Every line that holds the word "difference" needs to be copied from the data below.

[[ DATA FOR REVIEW, beginning ]]

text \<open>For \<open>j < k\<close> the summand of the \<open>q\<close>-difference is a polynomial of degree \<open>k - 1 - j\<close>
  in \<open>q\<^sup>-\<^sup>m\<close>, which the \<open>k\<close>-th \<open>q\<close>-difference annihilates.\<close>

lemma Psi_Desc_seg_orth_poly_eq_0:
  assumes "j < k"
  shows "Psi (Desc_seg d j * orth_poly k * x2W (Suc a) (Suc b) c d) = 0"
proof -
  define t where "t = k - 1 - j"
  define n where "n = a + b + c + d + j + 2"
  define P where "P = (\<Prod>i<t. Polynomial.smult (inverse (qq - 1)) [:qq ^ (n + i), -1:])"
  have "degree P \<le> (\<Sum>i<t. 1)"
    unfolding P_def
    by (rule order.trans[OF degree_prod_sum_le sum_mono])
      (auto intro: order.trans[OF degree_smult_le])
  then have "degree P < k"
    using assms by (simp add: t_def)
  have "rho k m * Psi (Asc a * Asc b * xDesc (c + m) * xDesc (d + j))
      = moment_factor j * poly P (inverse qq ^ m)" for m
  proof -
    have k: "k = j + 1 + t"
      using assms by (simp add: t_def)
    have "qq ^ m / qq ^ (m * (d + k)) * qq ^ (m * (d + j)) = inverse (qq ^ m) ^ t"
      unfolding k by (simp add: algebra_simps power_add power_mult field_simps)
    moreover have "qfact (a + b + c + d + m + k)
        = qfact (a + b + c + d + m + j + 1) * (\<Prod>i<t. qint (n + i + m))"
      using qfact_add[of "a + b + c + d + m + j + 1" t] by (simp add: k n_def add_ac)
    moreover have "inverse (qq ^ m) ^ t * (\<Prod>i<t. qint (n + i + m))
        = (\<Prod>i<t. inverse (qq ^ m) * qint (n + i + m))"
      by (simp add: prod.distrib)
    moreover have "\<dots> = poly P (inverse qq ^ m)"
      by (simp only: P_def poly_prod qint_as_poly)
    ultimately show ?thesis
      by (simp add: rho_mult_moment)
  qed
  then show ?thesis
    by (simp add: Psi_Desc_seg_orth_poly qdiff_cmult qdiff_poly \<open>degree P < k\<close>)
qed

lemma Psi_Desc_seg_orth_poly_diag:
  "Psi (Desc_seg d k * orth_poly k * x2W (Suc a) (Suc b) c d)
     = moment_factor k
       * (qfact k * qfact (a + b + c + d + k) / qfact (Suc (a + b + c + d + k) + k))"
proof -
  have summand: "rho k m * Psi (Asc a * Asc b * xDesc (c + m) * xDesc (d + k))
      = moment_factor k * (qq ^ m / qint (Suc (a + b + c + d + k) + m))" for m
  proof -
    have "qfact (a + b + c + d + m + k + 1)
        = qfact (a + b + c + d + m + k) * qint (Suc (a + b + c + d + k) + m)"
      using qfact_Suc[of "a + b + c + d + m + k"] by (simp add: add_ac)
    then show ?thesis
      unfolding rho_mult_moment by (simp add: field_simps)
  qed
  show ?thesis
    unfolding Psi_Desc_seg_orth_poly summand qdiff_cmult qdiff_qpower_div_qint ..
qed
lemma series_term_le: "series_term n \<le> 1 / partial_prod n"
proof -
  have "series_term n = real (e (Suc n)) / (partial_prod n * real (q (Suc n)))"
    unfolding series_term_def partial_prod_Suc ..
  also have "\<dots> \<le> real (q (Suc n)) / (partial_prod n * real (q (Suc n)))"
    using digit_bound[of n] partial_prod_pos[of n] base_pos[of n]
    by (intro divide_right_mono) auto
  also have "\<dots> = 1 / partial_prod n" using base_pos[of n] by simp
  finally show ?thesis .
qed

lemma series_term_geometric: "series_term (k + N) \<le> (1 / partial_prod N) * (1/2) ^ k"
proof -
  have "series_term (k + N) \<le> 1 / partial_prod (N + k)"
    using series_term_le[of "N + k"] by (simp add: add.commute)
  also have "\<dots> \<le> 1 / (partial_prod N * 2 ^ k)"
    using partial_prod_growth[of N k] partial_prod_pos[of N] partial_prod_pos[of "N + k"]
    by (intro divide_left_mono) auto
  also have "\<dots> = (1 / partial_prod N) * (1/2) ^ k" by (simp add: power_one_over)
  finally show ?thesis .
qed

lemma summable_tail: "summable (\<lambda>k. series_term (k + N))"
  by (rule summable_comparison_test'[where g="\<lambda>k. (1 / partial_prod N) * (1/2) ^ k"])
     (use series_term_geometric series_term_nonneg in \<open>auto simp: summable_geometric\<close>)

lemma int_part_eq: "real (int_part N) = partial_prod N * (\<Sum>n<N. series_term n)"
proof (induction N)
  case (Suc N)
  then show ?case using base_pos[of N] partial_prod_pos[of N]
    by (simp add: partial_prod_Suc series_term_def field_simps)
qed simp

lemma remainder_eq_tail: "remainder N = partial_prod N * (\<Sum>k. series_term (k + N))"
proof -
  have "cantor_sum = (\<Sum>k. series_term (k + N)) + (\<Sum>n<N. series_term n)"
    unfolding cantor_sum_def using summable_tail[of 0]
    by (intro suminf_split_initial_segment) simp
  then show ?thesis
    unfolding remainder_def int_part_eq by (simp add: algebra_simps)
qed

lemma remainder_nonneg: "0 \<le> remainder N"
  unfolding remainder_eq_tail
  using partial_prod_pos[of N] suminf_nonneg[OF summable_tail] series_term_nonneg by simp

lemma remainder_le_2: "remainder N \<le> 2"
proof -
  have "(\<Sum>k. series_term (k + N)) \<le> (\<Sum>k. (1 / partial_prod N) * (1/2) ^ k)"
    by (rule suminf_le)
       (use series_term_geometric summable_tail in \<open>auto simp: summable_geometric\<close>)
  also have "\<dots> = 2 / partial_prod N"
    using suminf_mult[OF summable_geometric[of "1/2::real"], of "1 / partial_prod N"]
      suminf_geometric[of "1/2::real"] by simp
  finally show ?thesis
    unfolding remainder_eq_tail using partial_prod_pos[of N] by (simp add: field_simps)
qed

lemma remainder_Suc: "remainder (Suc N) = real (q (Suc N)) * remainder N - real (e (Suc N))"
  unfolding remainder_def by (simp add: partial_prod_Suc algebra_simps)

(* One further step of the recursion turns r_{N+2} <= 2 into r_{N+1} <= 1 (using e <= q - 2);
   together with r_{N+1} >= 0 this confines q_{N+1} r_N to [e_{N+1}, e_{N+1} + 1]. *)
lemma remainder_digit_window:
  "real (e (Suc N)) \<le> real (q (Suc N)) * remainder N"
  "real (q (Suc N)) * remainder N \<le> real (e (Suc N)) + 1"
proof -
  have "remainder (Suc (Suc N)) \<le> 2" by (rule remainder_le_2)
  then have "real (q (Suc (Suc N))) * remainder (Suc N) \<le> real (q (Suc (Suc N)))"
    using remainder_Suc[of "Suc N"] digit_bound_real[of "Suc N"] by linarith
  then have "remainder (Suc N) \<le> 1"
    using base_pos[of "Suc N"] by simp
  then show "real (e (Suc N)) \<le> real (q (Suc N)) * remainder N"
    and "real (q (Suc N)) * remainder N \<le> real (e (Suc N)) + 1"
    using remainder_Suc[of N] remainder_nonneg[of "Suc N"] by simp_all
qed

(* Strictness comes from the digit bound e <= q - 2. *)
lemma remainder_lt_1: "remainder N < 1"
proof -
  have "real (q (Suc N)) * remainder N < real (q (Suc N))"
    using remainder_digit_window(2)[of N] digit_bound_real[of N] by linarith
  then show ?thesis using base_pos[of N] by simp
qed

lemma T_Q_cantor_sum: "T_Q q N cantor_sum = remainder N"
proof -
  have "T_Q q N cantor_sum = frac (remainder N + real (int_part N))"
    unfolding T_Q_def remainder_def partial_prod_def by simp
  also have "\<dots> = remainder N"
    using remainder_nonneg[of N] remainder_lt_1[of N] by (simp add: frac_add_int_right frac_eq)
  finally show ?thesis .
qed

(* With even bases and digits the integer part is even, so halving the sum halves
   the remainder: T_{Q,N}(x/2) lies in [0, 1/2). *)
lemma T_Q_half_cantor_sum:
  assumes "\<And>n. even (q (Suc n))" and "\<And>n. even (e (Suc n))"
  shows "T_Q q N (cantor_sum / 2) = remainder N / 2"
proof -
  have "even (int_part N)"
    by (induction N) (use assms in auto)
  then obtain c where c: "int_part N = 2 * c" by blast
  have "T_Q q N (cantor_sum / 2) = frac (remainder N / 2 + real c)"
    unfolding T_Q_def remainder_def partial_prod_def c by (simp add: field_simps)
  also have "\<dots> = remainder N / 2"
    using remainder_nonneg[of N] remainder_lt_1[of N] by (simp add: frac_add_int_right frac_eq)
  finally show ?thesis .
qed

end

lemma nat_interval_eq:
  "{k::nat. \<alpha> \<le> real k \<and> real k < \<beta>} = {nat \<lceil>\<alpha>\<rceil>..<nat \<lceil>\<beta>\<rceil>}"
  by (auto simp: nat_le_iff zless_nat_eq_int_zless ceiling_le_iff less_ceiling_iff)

[[ DATA FOR REVIEW, end ]]

# ANSWER TO THIS PROBLEM
text \<open>For \<open>j < k\<close> the summand of the \<open>q\<close>-difference is a polynomial of degree \<open>k - 1 - j\<close>
  in \<open>q\<^sup>-\<^sup>m\<close>, which the \<open>k\<close>-th \<open>q\<close>-difference annihilates.\<close>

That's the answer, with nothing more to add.